Entre 2026 e 2033, as empresas brasileiras vão operar em um ambiente tributário inédito: dois sistemas funcionando ao mesmo tempo. O antigo, com PIS, Cofins, ICMS e ISS, sendo gradualmente desativado. O novo, com IBS e CBS, sendo progressivamente implementado.
Para o gestor que não está acompanhando esse processo de perto, o risco não é só de pagar imposto errado. É de perder crédito, precificar com base em uma carga tributária que já mudou ou tomar decisões estratégicas com premissas fiscais desatualizadas.
O que significa operar com dois sistemas
Na prática, significa que durante o período de transição, as obrigações acessórias, os cálculos de crédito e as alíquotas aplicáveis vão mudar a cada ano. O que era válido em 2026 pode ter uma regra diferente em 2027 e outra em 2029.
Dessa maneira, o empresário que não tem um parceiro contábil atualizado sobre cada etapa do cronograma corre o risco de continuar operando com as regras antigas quando as novas já estão em vigor, ou de não aproveitar os créditos que o novo sistema passa a permitir.

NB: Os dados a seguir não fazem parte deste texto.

lemma homogeneous_shmul:
  assumes "homogeneous d p" "homogeneous e q"
  shows "homogeneous (d + e) (shmul p q)"
  unfolding homogeneous_def
proof (intro allI impI)
  fix w assume "shmul p q w \<noteq> 0"
  then obtain u v where "p u * q v * sh u v w \<noteq> 0"
    unfolding shmul_def by (auto dest!: sum_nonzero_imp_ex)
  then show "length w = d + e"
    using assms length_sh[of u v w] by (auto simp: homogeneous_def)
qed

lemma Rid_add: "f \<in> Rid \<Longrightarrow> g \<in> Rid \<Longrightarrow> (\<lambda>x. f x + g x) \<in> Rid"
  unfolding Rid_def by (rule shideal.add)

lemma Rid_smul: "f \<in> Rid \<Longrightarrow> (\<lambda>x. c * f x) \<in> Rid"
  unfolding Rid_def by (rule shideal.smul)

lemma Rid_diff: "f \<in> Rid \<Longrightarrow> g \<in> Rid \<Longrightarrow> (\<lambda>x. f x - g x) \<in> Rid"
  using Rid_add[of f "\<lambda>x. (-1) * g x"] Rid_smul[of g "-1"] by simp

lemma shideal_mono: "f \<in> shideal G \<Longrightarrow> G \<subseteq> G' \<Longrightarrow> f \<in> shideal G'"
  by (induction rule: shideal.induct) (auto intro: shideal.intros)

lemma Rid_subset_RAid: "Rid \<subseteq> RAid"
  unfolding Rid_def RAid_def by (auto elim: shideal_mono)

lemma shmul_minus_stuffle_in_Rid:
  assumes "fsupp u" "fsupp v"
    "\<forall>w. u w \<noteq> 0 \<longrightarrow> w = [] \<or> (\<exists>m. w = X0 # m @ [X1])"
    "\<forall>w. v w \<noteq> 0 \<longrightarrow> w = [] \<or> (\<exists>m. w = m @ [X1])"
  shows "(\<lambda>w. shmul u v w - iota_poly (stmul (iota_inv u) (iota_inv v)) w) \<in> Rid"
  unfolding Rid_def by (rule shideal.gen) (use assms in \<open>auto simp: Rgens_def\<close>)

definition positive_products :: "poly set" where
  "positive_products = {shmul p q | p q. fsupp p \<and> fsupp q \<and> p [] = 0 \<and> q [] = 0}"

lemma Lker_intro: "a \<in> RAid \<Longrightarrow> s \<in> qspan positive_products \<Longrightarrow> (\<lambda>w. a w + s w) \<in> Lker"
  unfolding Lker_def positive_products_def by blast

lemma zero_in_RAid: "(\<lambda>_. 0) \<in> RAid"
  unfolding RAid_def by (rule shideal.zero)

lemma qspan_positive_products_subset_Lker: "qspan positive_products \<subseteq> Lker"
  using Lker_intro[OF zero_in_RAid] by fastforce

lemma RAid_subset_Lker: "RAid \<subseteq> Lker"
  using Lker_intro[OF _ qspan.zero] by fastforce

lemma piker_homogeneous_other: "homogeneous d p \<Longrightarrow> d \<noteq> n \<Longrightarrow> p \<in> piker n"
  unfolding piker_def
  using homogeneous_fsupp wcomp_homogeneous_other qspan.zero qspan_positive_products_subset_Lker by fastforce

lemma piker_homogeneous_positive_products: "homogeneous d p \<Longrightarrow> p \<in> qspan positive_products \<Longrightarrow> p \<in> piker n"
  using piker_homogeneous_other[of d p n] qspan_positive_products_subset_Lker
  by (cases "d = n") (auto simp: piker_def homogeneous_fsupp wcomp_homogeneous)

lemma piker_homogeneous_Rid: "homogeneous d p \<Longrightarrow> p \<in> Rid \<Longrightarrow> p \<in> piker n"
  using piker_homogeneous_other[of d p n] Rid_subset_RAid RAid_subset_Lker
  by (cases "d = n") (auto simp: piker_def homogeneous_fsupp wcomp_homogeneous)

lemma tens_in_tker: "p \<in> piker n \<Longrightarrow> fsupp q \<Longrightarrow> tens p q \<in> tker n"
  unfolding tker_def by (rule qspan.base) blast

Os principais riscos do período de transição
• Precificação desatualizada: a carga tributária efetiva vai mudar a cada etapa da transição. Preços calculados com as alíquotas atuais podem estar incorretos a partir de 2027.
• Créditos não aproveitados: o novo sistema amplia o direito a crédito tributário. Empresas que não se preparam para registrar e aproveitar esses créditos desde o início perdem um benefício real.
• Obrigações acessórias duplicadas: durante a transição, haverá obrigações dos dois sistemas sendo entregues simultaneamente. Erros nessa fase podem gerar autuações.
• Decisões estratégicas com premissas erradas: expansão, abertura de filial, mudança de regime. Qualquer decisão que tenha implicação tributária precisa considerar o novo sistema, não só o atual.
Como se preparar agora
O primeiro passo é entender qual o impacto específico da Reforma no modelo de negócio da sua empresa. Setor, regime tributário, cadeia de fornecedores, tipo de receita. Cada combinação tem um impacto diferente.
O segundo passo é garantir que os sistemas operacionais estejam preparados para emitir documentos fiscais e registrar créditos nos dois formatos ao mesmo tempo.
E o terceiro passo é ter um contador que acompanhe o cronograma da transição e avise o empresário antes de cada mudança, não depois.
Portanto, a transição tributária mais complexa da história recente do Brasil não é algo para acompanhar de longe. É algo para planejar agora, etapa por etapa, com um parceiro que conhece o tema.